Sequoia, America's second oldest national park, centers around a forest of giant trees that have given it its name. The half million acres of King's Canyon plunge into one of the deepest canyons in the US, deeper than Grand Canyon. Sharing a common boundary, both parks look, indeed are, what the Sierra Nevada was before the coming of European conquerors and American settlers. Both are home to native wildlife. Both parks are an almost roadless wilderness, accessible only by foot or on horseback.

These two parks are laced with rushing snow fed water. Both are blessed with groves of sequoias, the largest most massive forms of life on the face of the earth. Sequoia national park is the home of the 2100 year old 2.7 million pound General Sherman tree. This magnificent sequoia is one of the oldest living things on earth. Giant forest is 3,700 feet up, and it's a steep climb fraught with twists and turns and hairpin curves to get to it.

Here you can venture inside a huge tree. Sequoia trees can survive a fire that even burns their heart out. Here a 275 foot tall sequoia had fallen due to natural causes across a road. A tunnel has been bored through the tree to make the road passable. You can visit another tree here in Kings Canyon.
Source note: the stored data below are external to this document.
(* For any $x,y \in B_E$, $$\beta_E(x,y)=\sup\{ |f(x)-f(y)| : f\in\mathcal B(B_E),\ \|f\|_{inv} \leq 1 \}.$$
   Context: $E$ is a complex Hilbert space of arbitrary dimension with inner product $\langle\cdot,\cdot\rangle$ and open unit ball $B_E$; fix an orthonormal basis and let $\overline z$ denote coordinatewise conjugation. For analytic $g$, $\nabla g(x)$ is defined by $g'(x)(y)=\langle y,\overline{\nabla g(x)}\rangle$. For $a\in B_E$, $\varphi_a(y)=(s_aQ_a+P_a)\big(\frac{a-y}{1-\langle y,a\rangle}\big)$ with $s_a=\sqrt{1-\|a\|^2}$, $P_a$ the orthogonal projection onto $\mathbb Ca$, $Q_a=I-P_a$ ($\varphi_0(y)=-y$). The Bloch space $\mathcal B(B_E)$ consists of analytic $f:B_E\to\mathbb C$ with $\sup_x(1-\|x\|^2)\|f'(x)\|<\infty$, and $\|f\|_{inv}=\sup_{x\in B_E}\|\nabla(f\circ\varphi_x)(0)\|$. $\rho_E(x,y)=\|\varphi_x(y)\|$ and $\beta_E(x,y)=\frac12\log\frac{1+\rho_E(x,y)}{1-\rho_E(x,y)}$. *)

theory Defs
  imports "HOL-Analysis.Analysis"
begin

class chilbert = real_normed_vector + complete_space +
  fixes scaleC :: "complex \<Rightarrow> 'a \<Rightarrow> 'a"
    and cinner :: "'a \<Rightarrow> 'a \<Rightarrow> complex"
  assumes scaleR_scaleC: "scaleR r x = scaleC (complex_of_real r) x"
    and scaleC_add_right: "scaleC c (x + y) = scaleC c x + scaleC c y"
    and scaleC_add_left: "scaleC (c + d) x = scaleC c x + scaleC d x"
    and scaleC_scaleC: "scaleC c (scaleC d x) = scaleC (c * d) x"
    and scaleC_one: "scaleC 1 x = x"
    and norm_scaleC: "norm (scaleC c x) = cmod c * norm x"
    and cinner_add_left: "cinner (x + y) z = cinner x z + cinner y z"
    and cinner_scaleC_left: "cinner (scaleC c x) y = c * cinner x y"
    and cinner_commute: "cinner y x = cnj (cinner x y)"
    and cinner_self_norm: "cinner x x = complex_of_real ((norm x)^2)"

definition hholo_on :: "('a::chilbert \<Rightarrow> complex) \<Rightarrow> 'a set \<Rightarrow> bool" where
  "hholo_on f U \<longleftrightarrow> open U \<and>
     (\<forall>x\<in>U. \<exists>L. (f has_derivative L) (at x) \<and> (\<forall>c v. L (scaleC c v) = c * L v))"

definition projP :: "'a::chilbert \<Rightarrow> 'a \<Rightarrow> 'a" where
  "projP a y = (if a = 0 then 0 else scaleC (cinner y a / cinner a a) a)"

definition phi :: "'a::chilbert \<Rightarrow> 'a \<Rightarrow> 'a" where
  "phi a y = (let z = scaleC (1 / (1 - cinner y a)) (a - y);
                  s = sqrt (1 - (norm a)^2)
              in scaleR s (z - projP a z) + projP a z)"

text \<open>Norm of the derivative f'(x) as a (bounded) functional; this equals the norm of
the gradient, since coordinatewise conjugation is an isometry.\<close>
definition dnorm :: "('a::chilbert \<Rightarrow> complex) \<Rightarrow> 'a \<Rightarrow> real" where
  "dnorm f x = onorm (frechet_derivative f (at x))"

definition bloch :: "('a::chilbert \<Rightarrow> complex) set" where
  "bloch = {f. hholo_on f (ball 0 1) \<and>
               bdd_above ((\<lambda>x. (1 - (norm x)^2) * dnorm f x) ` ball 0 1)}"

text \<open>The invariant norm (possibly infinite, hence in ereal).\<close>
definition inv_norm :: "('a::chilbert \<Rightarrow> complex) \<Rightarrow> ereal" where
  "inv_norm f = (SUP x\<in>ball 0 1. ereal (dnorm (f \<circ> phi x) 0))"

definition rhoE :: "'a::chilbert \<Rightarrow> 'a \<Rightarrow> real" where
  "rhoE x y = norm (phi x y)"

definition betaE :: "'a::chilbert \<Rightarrow> 'a \<Rightarrow> real" where
  "betaE x y = (1/2) * ln ((1 + rhoE x y) / (1 - rhoE x y))"

end

theory Submission
  imports Defs "HOL-Complex_Analysis.Complex_Analysis"
begin

text \<open>For \<open>\<le>\<close>: put \<open>\<rho> = |phi_x(y)|\<close> and \<open>v = phi_x(y) / \<rho>\<close>, and follow the geodesic
  \<open>\<sigma> \<mapsto> phi_x(tanh \<sigma> \<cdot> v)\<close> from \<open>x\<close> (\<open>\<sigma> = 0\<close>) to \<open>y\<close> (\<open>\<sigma> = artanh \<rho> = \<beta>(x,y)\<close>). If
  \<open>inv_norm f \<le> 1\<close>, the derivative of \<open>f\<close> along it is at most \<open>1\<close>: at the point
  \<open>q = phi_x(p)\<close>, \<open>p = tanh \<sigma> \<cdot> v\<close>, the invariant norm controls \<open>f'(q)\<close> after transport by the
  automorphism \<open>phi_q\<close>, and Schwarz's lemma for the self-map \<open>phi_q \<circ> phi_x \<circ> phi_p\<close> of the
  ball, which fixes \<open>0\<close>, shows that this transport is compensated by the factor
  \<open>1 - tanh\<^sup>2 \<sigma>\<close> of the reparametrisation.

  For \<open>\<ge>\<close>: the supremum is attained by \<open>f = artanh \<langle>phi_x(\<cdot>), v\<rangle>\<close>. For any holomorphic
  \<open>h\<close> from the ball to the disc, \<open>artanh \<circ> h\<close> has invariant norm at most \<open>1\<close> by the
  Schwarz--Pick lemma, since \<open>|artanh'(c)| (1 - |c|\<^sup>2) \<le> 1\<close>.\<close>

section \<open>Algebra of complex Hilbert spaces\<close>

declare scaleC_one [simp]

lemma scaleC_zero_left [simp]: "scaleC 0 (x::'a::chilbert) = 0"
  using scaleC_add_left[of 0 0 x] by simp

lemma scaleC_zero_right [simp]: "scaleC c (0::'a::chilbert) = 0"
  using scaleC_add_right[of c 0 0] by simp

lemma scaleC_minus_right: "scaleC c (- (x::'a::chilbert)) = - scaleC c x"
  using scaleC_add_right[of c "-x" x] by (simp add: eq_neg_iff_add_eq_0)

lemma scaleC_minus_left: "scaleC (- c) (x::'a::chilbert) = - scaleC c x"
  using scaleC_add_left[of "-c" c x] by (simp add: eq_neg_iff_add_eq_0)

lemma scaleC_diff_right: "scaleC c ((x::'a::chilbert) - y) = scaleC c x - scaleC c y"
  using scaleC_add_right[of c x "-y"] by (simp add: scaleC_minus_right)

lemma scaleC_diff_left: "scaleC (c - d) (x::'a::chilbert) = scaleC c x - scaleC d x"
  using scaleC_add_left[of c "-d" x] by (simp add: scaleC_minus_left)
The Fallen Monarch. This thousand year old sequoia has served as a native American shelter, in 1870 a hotel and saloon, and even a US cavalry stable for 32 horses. But these parks offer even more than the great trees. There's Mount Whitney the highest peak in the contiguous United States, Crystal Cave, a fantasy of stalactites and stalagmites, a huge granite dome called Moro Rock. If you can climb the 500 steps to the top, you're rewarded with a spectacular view of the great Western Divide.

Camping and backpacking and in Kings Canyon makes for a high country exhilaration. The cool clean air is like wine. Sharing the bracing effervescent Sierra atmosphere, guarding the giants of the tree world and intertwined by trails, these two parks, their are differences complementing each other, thrive in tandem offering a more rewarding experience for the park visitor.